Exercise: The answer is to be the full listing, unchanged in every line.

*** Information supplied Section Begins ***

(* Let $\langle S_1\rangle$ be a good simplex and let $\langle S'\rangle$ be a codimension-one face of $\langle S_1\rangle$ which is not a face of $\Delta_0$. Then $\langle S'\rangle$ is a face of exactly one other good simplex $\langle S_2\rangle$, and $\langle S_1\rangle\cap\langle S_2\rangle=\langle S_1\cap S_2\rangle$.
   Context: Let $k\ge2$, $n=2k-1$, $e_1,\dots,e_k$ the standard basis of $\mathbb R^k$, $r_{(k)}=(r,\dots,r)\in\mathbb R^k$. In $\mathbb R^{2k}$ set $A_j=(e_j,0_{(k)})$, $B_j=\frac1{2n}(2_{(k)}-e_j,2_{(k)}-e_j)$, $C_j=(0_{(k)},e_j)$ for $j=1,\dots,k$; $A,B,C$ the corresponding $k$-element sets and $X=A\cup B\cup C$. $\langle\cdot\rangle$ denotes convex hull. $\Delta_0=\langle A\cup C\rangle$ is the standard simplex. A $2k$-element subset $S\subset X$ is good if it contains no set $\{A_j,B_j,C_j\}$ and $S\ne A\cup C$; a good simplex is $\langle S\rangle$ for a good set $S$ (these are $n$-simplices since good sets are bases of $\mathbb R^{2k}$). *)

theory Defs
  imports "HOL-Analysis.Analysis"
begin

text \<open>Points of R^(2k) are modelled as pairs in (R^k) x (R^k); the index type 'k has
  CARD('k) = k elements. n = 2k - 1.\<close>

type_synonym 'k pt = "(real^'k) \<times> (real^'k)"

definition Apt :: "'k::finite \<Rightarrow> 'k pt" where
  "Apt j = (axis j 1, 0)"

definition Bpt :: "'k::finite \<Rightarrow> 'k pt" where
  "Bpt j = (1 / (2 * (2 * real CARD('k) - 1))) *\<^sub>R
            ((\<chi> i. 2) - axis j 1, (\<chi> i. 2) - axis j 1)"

*** Information supplied Section Ends ***

Your solution:
(* Let $\langle S_1\rangle$ be a good simplex and let $\langle S'\rangle$ be a codimension-one face of $\langle S_1\rangle$ which is not a face of $\Delta_0$. Then $\langle S'\rangle$ is a face of exactly one other good simplex $\langle S_2\rangle$, and $\langle S_1\rangle\cap\langle S_2\rangle=\langle S_1\cap S_2\rangle$.
   Context: Let $k\ge2$, $n=2k-1$, $e_1,\dots,e_k$ the standard basis of $\mathbb R^k$, $r_{(k)}=(r,\dots,r)\in\mathbb R^k$. In $\mathbb R^{2k}$ set $A_j=(e_j,0_{(k)})$, $B_j=\frac1{2n}(2_{(k)}-e_j,2_{(k)}-e_j)$, $C_j=(0_{(k)},e_j)$ for $j=1,\dots,k$; $A,B,C$ the corresponding $k$-element sets and $X=A\cup B\cup C$. $\langle\cdot\rangle$ denotes convex hull. $\Delta_0=\langle A\cup C\rangle$ is the standard simplex. A $2k$-element subset $S\subset X$ is good if it contains no set $\{A_j,B_j,C_j\}$ and $S\ne A\cup C$; a good simplex is $\langle S\rangle$ for a good set $S$ (these are $n$-simplices since good sets are bases of $\mathbb R^{2k}$). *)

theory Defs
  imports "HOL-Analysis.Analysis"
begin

text \<open>Points of R^(2k) are modelled as pairs in (R^k) x (R^k); the index type 'k has
  CARD('k) = k elements. n = 2k - 1.\<close>

type_synonym 'k pt = "(real^'k) \<times> (real^'k)"

definition Apt :: "'k::finite \<Rightarrow> 'k pt" where
  "Apt j = (axis j 1, 0)"

definition Bpt :: "'k::finite \<Rightarrow> 'k pt" where
  "Bpt j = (1 / (2 * (2 * real CARD('k) - 1))) *\<^sub>R
            ((\<chi> i. 2) - axis j 1, (\<chi> i. 2) - axis j 1)"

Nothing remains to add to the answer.